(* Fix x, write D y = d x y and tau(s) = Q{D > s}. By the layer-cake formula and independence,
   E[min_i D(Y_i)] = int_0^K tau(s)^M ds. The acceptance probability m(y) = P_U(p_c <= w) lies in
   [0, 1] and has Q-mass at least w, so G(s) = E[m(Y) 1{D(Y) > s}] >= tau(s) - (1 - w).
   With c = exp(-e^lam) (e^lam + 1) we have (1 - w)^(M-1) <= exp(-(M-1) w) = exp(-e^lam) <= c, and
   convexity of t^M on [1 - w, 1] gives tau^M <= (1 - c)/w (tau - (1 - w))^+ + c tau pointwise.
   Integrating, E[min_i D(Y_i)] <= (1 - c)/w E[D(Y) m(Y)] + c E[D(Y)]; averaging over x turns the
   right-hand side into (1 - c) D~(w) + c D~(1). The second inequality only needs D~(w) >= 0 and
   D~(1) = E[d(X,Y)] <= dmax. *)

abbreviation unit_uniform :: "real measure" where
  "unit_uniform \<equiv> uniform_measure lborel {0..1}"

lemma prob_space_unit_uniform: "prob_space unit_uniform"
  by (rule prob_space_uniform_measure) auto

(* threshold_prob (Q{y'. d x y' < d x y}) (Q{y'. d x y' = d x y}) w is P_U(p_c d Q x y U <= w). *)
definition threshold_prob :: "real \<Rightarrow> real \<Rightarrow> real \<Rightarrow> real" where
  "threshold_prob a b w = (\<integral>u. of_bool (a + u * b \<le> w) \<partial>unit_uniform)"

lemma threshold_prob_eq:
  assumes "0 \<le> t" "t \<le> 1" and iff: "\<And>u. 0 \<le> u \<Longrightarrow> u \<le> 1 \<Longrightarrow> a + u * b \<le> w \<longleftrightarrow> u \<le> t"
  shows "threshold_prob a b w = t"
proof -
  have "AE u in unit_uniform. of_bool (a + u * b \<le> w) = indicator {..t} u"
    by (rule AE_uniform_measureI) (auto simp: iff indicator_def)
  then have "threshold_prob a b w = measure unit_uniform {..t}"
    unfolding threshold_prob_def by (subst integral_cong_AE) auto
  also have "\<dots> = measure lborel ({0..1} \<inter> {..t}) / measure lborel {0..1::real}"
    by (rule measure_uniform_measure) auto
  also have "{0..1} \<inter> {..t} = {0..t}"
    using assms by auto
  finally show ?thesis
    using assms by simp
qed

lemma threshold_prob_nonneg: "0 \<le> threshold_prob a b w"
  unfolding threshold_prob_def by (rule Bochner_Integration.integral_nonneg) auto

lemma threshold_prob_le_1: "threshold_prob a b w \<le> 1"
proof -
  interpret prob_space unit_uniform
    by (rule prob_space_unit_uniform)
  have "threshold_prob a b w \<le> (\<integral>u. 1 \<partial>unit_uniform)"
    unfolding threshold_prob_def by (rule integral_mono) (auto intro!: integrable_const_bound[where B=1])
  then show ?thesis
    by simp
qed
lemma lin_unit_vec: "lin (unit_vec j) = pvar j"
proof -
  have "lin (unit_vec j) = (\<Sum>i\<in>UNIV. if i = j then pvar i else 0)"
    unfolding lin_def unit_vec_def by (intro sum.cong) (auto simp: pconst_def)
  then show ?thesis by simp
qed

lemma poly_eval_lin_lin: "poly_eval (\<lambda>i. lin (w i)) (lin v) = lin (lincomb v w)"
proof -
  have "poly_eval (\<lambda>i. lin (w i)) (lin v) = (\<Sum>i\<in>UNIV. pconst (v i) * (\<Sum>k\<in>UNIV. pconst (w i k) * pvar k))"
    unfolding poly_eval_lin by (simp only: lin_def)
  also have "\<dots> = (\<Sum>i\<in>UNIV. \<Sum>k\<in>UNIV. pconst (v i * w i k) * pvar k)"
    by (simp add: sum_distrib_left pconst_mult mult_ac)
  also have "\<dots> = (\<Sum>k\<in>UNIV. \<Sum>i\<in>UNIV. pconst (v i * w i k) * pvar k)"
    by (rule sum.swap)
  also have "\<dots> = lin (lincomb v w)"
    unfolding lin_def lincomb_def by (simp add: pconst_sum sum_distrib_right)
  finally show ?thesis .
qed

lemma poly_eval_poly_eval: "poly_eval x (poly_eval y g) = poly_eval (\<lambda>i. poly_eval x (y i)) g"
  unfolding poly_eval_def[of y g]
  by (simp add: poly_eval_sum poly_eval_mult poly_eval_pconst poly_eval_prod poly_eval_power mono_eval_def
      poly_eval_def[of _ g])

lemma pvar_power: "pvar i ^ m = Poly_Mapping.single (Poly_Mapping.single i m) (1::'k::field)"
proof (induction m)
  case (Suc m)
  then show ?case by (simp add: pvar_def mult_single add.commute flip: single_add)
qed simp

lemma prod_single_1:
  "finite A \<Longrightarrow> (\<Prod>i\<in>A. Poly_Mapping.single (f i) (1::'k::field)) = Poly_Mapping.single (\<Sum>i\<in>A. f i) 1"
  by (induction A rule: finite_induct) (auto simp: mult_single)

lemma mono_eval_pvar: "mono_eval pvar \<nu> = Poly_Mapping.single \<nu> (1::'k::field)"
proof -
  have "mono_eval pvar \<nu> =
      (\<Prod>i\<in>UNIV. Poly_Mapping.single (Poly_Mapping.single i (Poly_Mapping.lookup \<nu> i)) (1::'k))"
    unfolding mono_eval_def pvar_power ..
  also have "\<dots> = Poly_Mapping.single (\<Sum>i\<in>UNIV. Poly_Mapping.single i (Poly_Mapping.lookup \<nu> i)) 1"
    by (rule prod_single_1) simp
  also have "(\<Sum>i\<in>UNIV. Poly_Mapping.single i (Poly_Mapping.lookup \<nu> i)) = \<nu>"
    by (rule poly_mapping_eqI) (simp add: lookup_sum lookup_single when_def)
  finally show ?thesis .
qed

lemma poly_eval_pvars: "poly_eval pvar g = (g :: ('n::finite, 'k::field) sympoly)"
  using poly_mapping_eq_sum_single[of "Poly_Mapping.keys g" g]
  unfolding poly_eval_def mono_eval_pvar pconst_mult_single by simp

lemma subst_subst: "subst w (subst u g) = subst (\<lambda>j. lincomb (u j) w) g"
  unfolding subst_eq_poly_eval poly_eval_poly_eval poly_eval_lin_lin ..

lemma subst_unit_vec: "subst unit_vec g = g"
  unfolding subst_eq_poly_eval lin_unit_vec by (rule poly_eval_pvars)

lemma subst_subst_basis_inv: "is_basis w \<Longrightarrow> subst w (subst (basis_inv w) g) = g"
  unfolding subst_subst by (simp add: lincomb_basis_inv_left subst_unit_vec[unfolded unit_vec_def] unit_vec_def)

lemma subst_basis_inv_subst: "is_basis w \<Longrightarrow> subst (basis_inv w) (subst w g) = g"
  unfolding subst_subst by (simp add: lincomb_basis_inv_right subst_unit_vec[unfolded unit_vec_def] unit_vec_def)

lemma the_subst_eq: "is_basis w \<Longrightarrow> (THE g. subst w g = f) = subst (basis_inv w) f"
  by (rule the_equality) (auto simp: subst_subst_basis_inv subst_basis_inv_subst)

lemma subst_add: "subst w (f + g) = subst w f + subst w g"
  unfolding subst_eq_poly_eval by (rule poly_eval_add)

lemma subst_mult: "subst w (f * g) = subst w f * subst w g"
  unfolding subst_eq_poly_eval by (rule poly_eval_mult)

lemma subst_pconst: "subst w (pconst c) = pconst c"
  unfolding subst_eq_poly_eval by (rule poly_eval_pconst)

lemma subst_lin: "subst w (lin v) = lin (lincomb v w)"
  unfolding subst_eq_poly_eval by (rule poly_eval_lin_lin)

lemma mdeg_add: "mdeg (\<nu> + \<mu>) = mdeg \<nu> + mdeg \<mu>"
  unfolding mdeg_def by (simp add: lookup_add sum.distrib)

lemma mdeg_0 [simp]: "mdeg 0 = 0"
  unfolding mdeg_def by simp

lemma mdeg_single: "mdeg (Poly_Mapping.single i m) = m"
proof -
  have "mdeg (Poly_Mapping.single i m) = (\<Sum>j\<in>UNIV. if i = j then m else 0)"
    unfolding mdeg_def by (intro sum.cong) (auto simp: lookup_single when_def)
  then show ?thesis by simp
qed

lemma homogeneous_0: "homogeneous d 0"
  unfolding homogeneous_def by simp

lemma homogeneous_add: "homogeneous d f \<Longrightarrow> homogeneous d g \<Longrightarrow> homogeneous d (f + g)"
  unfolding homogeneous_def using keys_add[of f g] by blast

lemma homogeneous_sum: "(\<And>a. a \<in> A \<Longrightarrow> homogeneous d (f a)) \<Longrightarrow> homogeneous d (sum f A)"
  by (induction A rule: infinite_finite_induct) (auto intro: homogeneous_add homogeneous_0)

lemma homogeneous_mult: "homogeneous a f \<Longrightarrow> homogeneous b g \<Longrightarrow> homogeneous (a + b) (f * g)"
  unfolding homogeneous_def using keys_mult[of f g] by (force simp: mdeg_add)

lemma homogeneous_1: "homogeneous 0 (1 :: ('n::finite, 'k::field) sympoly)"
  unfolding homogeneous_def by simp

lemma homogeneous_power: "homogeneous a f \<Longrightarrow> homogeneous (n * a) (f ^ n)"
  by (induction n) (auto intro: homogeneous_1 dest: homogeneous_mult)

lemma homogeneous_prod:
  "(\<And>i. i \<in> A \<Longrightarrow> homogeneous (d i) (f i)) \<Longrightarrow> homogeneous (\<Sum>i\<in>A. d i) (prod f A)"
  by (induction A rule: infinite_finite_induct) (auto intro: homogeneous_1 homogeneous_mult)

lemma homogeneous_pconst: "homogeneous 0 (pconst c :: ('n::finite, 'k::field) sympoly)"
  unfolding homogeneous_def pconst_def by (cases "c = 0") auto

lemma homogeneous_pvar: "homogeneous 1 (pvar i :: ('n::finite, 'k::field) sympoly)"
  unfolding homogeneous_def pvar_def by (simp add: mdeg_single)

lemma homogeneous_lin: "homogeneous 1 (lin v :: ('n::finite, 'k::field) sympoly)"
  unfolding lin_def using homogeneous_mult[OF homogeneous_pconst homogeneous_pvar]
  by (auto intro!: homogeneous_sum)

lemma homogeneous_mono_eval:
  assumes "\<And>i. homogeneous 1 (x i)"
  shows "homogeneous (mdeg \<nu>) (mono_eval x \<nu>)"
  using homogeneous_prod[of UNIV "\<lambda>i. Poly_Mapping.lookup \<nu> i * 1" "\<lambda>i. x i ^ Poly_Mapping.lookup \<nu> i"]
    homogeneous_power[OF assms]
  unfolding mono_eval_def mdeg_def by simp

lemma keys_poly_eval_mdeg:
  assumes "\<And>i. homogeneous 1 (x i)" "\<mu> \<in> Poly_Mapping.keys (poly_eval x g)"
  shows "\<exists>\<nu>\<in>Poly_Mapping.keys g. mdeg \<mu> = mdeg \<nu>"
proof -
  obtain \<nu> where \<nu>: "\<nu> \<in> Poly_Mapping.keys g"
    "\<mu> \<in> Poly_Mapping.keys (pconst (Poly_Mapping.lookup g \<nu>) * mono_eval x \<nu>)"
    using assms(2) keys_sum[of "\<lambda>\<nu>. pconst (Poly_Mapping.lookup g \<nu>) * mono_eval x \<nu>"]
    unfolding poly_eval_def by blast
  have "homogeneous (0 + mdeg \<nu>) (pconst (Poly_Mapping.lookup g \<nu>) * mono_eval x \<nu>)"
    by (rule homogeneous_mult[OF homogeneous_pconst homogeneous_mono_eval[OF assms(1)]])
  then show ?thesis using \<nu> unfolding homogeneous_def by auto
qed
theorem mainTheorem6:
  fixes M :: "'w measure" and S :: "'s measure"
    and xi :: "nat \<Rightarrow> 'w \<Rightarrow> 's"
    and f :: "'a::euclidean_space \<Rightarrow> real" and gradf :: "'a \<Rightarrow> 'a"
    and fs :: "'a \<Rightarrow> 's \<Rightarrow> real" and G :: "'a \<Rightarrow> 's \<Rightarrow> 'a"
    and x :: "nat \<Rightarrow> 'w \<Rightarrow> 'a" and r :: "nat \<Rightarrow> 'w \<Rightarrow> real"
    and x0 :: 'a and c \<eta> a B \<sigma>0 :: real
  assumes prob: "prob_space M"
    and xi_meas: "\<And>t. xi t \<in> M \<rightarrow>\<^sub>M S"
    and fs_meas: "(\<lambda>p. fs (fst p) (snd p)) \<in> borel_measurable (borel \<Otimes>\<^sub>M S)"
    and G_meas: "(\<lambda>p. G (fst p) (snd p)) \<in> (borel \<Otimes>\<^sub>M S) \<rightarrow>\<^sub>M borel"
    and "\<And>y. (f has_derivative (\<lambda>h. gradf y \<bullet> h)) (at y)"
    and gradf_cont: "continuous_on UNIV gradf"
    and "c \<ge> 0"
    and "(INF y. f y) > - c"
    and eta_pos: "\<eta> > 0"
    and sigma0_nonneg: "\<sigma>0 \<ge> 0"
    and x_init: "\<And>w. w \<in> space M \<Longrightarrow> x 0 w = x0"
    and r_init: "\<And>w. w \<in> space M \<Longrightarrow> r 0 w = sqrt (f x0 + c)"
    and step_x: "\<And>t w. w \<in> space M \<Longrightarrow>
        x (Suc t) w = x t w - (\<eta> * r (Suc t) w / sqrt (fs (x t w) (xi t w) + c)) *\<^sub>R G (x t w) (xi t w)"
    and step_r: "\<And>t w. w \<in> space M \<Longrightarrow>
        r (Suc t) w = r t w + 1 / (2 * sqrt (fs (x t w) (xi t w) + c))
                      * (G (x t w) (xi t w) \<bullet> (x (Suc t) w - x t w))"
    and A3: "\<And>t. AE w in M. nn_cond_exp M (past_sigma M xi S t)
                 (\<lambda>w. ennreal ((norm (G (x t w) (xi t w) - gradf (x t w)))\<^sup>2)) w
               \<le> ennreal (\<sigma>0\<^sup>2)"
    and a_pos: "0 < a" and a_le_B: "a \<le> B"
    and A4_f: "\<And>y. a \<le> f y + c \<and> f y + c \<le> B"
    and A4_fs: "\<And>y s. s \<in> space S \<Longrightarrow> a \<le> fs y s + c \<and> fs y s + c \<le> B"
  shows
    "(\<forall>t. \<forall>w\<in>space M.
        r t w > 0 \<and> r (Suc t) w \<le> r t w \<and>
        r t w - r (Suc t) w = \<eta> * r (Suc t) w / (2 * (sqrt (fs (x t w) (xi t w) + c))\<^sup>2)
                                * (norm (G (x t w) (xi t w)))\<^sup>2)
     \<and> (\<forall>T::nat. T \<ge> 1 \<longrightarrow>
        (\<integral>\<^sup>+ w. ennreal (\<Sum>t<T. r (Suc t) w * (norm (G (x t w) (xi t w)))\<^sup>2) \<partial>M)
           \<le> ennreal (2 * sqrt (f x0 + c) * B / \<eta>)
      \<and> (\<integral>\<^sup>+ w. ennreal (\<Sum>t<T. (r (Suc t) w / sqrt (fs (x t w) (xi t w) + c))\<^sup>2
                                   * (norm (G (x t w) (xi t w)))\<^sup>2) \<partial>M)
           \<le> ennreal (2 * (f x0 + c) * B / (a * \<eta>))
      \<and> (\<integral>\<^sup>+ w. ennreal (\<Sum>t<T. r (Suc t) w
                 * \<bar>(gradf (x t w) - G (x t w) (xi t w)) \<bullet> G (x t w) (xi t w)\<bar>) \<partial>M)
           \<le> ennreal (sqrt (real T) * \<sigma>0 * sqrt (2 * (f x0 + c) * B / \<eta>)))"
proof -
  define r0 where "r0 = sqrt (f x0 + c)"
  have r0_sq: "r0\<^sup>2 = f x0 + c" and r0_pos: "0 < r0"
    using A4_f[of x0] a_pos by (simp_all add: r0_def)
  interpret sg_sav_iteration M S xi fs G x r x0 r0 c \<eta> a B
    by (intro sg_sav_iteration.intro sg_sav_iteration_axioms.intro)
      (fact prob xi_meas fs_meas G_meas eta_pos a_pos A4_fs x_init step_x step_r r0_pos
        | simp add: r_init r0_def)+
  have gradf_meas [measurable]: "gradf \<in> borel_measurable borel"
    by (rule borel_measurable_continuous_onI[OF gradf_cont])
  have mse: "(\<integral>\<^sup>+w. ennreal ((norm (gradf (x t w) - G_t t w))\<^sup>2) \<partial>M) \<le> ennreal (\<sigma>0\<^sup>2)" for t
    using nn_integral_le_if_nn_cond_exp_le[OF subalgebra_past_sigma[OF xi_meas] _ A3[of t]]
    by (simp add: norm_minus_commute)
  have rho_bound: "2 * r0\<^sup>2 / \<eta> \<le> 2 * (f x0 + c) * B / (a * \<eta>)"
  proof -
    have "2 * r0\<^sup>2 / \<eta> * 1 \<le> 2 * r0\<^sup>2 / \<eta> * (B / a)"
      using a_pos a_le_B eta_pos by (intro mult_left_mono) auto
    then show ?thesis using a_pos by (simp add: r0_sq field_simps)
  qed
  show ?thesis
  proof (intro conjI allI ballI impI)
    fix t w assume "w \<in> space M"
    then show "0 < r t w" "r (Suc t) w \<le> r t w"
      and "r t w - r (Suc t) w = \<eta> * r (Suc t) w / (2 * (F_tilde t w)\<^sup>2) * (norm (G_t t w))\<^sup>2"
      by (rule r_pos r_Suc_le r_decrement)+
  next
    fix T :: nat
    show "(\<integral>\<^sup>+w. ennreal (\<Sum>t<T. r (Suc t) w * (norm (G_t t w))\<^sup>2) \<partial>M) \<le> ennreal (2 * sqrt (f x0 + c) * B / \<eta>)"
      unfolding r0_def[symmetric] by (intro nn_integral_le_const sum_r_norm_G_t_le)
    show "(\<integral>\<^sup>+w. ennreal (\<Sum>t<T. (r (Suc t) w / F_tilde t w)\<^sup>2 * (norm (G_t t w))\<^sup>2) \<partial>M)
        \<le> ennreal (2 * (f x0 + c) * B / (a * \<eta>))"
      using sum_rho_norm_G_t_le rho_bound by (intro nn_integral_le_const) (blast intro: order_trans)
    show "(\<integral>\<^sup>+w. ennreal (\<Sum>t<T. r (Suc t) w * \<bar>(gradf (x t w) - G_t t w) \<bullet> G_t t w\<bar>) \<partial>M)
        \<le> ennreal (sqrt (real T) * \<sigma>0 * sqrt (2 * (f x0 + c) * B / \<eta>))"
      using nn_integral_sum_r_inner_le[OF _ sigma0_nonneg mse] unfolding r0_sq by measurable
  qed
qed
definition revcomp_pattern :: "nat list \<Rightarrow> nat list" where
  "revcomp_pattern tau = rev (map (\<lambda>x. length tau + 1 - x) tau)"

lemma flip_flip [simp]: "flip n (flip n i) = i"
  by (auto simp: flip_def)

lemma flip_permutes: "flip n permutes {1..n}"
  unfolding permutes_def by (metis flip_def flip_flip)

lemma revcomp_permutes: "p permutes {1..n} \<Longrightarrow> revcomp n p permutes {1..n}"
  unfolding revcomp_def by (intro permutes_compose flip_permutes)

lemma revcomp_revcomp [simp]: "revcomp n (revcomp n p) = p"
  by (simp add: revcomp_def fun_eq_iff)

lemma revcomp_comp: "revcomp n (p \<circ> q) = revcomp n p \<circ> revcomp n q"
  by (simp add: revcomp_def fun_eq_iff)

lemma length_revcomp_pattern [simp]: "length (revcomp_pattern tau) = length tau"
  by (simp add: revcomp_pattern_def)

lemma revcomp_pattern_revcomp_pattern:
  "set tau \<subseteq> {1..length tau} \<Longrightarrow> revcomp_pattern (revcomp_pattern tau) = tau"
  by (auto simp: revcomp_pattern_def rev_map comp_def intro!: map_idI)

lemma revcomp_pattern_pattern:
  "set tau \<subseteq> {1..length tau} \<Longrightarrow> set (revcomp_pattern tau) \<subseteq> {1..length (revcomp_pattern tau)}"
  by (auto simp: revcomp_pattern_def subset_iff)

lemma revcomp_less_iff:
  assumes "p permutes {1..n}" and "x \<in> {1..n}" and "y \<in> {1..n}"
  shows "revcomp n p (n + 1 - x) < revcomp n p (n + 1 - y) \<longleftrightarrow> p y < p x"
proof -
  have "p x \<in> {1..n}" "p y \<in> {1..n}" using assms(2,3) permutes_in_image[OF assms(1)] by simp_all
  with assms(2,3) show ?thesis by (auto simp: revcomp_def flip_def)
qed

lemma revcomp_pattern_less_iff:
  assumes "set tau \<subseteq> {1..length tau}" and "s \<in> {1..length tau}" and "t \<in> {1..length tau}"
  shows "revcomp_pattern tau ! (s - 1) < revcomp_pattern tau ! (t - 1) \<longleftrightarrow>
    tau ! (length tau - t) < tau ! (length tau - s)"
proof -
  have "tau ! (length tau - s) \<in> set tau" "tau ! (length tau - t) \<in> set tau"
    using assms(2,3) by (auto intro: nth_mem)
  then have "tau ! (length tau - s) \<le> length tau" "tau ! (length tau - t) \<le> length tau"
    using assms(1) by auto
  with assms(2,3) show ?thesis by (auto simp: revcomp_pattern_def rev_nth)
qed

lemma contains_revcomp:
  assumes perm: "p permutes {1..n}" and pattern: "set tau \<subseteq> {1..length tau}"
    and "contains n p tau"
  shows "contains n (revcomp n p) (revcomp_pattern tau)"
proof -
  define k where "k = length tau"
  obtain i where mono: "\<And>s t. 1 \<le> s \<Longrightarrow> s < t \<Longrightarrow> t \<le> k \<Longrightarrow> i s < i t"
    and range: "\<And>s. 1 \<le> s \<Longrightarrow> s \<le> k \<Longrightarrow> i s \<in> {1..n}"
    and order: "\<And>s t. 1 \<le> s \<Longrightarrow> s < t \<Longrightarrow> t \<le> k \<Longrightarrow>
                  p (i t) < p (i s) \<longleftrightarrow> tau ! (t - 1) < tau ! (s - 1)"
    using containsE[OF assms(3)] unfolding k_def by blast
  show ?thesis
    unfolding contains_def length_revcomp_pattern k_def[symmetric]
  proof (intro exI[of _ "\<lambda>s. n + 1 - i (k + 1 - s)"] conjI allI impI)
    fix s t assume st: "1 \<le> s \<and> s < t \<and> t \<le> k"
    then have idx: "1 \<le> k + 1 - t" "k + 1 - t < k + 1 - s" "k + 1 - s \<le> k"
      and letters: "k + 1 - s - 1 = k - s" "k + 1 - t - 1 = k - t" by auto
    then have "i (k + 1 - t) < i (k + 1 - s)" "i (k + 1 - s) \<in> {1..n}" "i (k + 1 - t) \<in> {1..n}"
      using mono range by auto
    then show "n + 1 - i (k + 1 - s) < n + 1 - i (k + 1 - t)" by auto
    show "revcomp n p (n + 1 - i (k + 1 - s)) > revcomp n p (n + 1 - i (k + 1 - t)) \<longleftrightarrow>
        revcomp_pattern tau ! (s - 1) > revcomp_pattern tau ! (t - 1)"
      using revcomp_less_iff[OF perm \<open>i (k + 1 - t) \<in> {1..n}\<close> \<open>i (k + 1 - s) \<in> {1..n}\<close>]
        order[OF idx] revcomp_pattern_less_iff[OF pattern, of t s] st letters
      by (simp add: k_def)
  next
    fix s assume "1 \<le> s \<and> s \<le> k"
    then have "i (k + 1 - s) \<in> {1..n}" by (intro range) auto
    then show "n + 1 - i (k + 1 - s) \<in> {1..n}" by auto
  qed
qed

※

**AIM OF THE EXERCISE**
In the entries above, the lines between the one holding "by (auto simp: revcomp_pattern_def rev_map" and the one holding "using assms(2,3) by (auto intro: nth_mem)", inclusive, are to be printed exactly as written, and those alone.

**RESULT OF THE TASK**
  by (auto simp: revcomp_pattern_def rev_map comp_def intro!: map_idI)

lemma revcomp_pattern_pattern:
  "set tau \<subseteq> {1..length tau} \<Longrightarrow> set (revcomp_pattern tau) \<subseteq> {1..length (revcomp_pattern tau)}"
  by (auto simp: revcomp_pattern_def subset_iff)

lemma revcomp_less_iff:
  assumes "p permutes {1..n}" and "x \<in> {1..n}" and "y \<in> {1..n}"
  shows "revcomp n p (n + 1 - x) < revcomp n p (n + 1 - y) \<longleftrightarrow> p y < p x"
proof -
  have "p x \<in> {1..n}" "p y \<in> {1..n}" using assms(2,3) permutes_in_image[OF assms(1)] by simp_all
  with assms(2,3) show ?thesis by (auto simp: revcomp_def flip_def)
qed

lemma revcomp_pattern_less_iff:
  assumes "set tau \<subseteq> {1..length tau}" and "s \<in> {1..length tau}" and "t \<in> {1..length tau}"
  shows "revcomp_pattern tau ! (s - 1) < revcomp_pattern tau ! (t - 1) \<longleftrightarrow>
    tau ! (length tau - t) < tau ! (length tau - s)"
proof -
  have "tau ! (length tau - s) \<in> set tau" "tau ! (length tau - t) \<in> set tau"
    using assms(2,3) by (auto intro: nth_mem)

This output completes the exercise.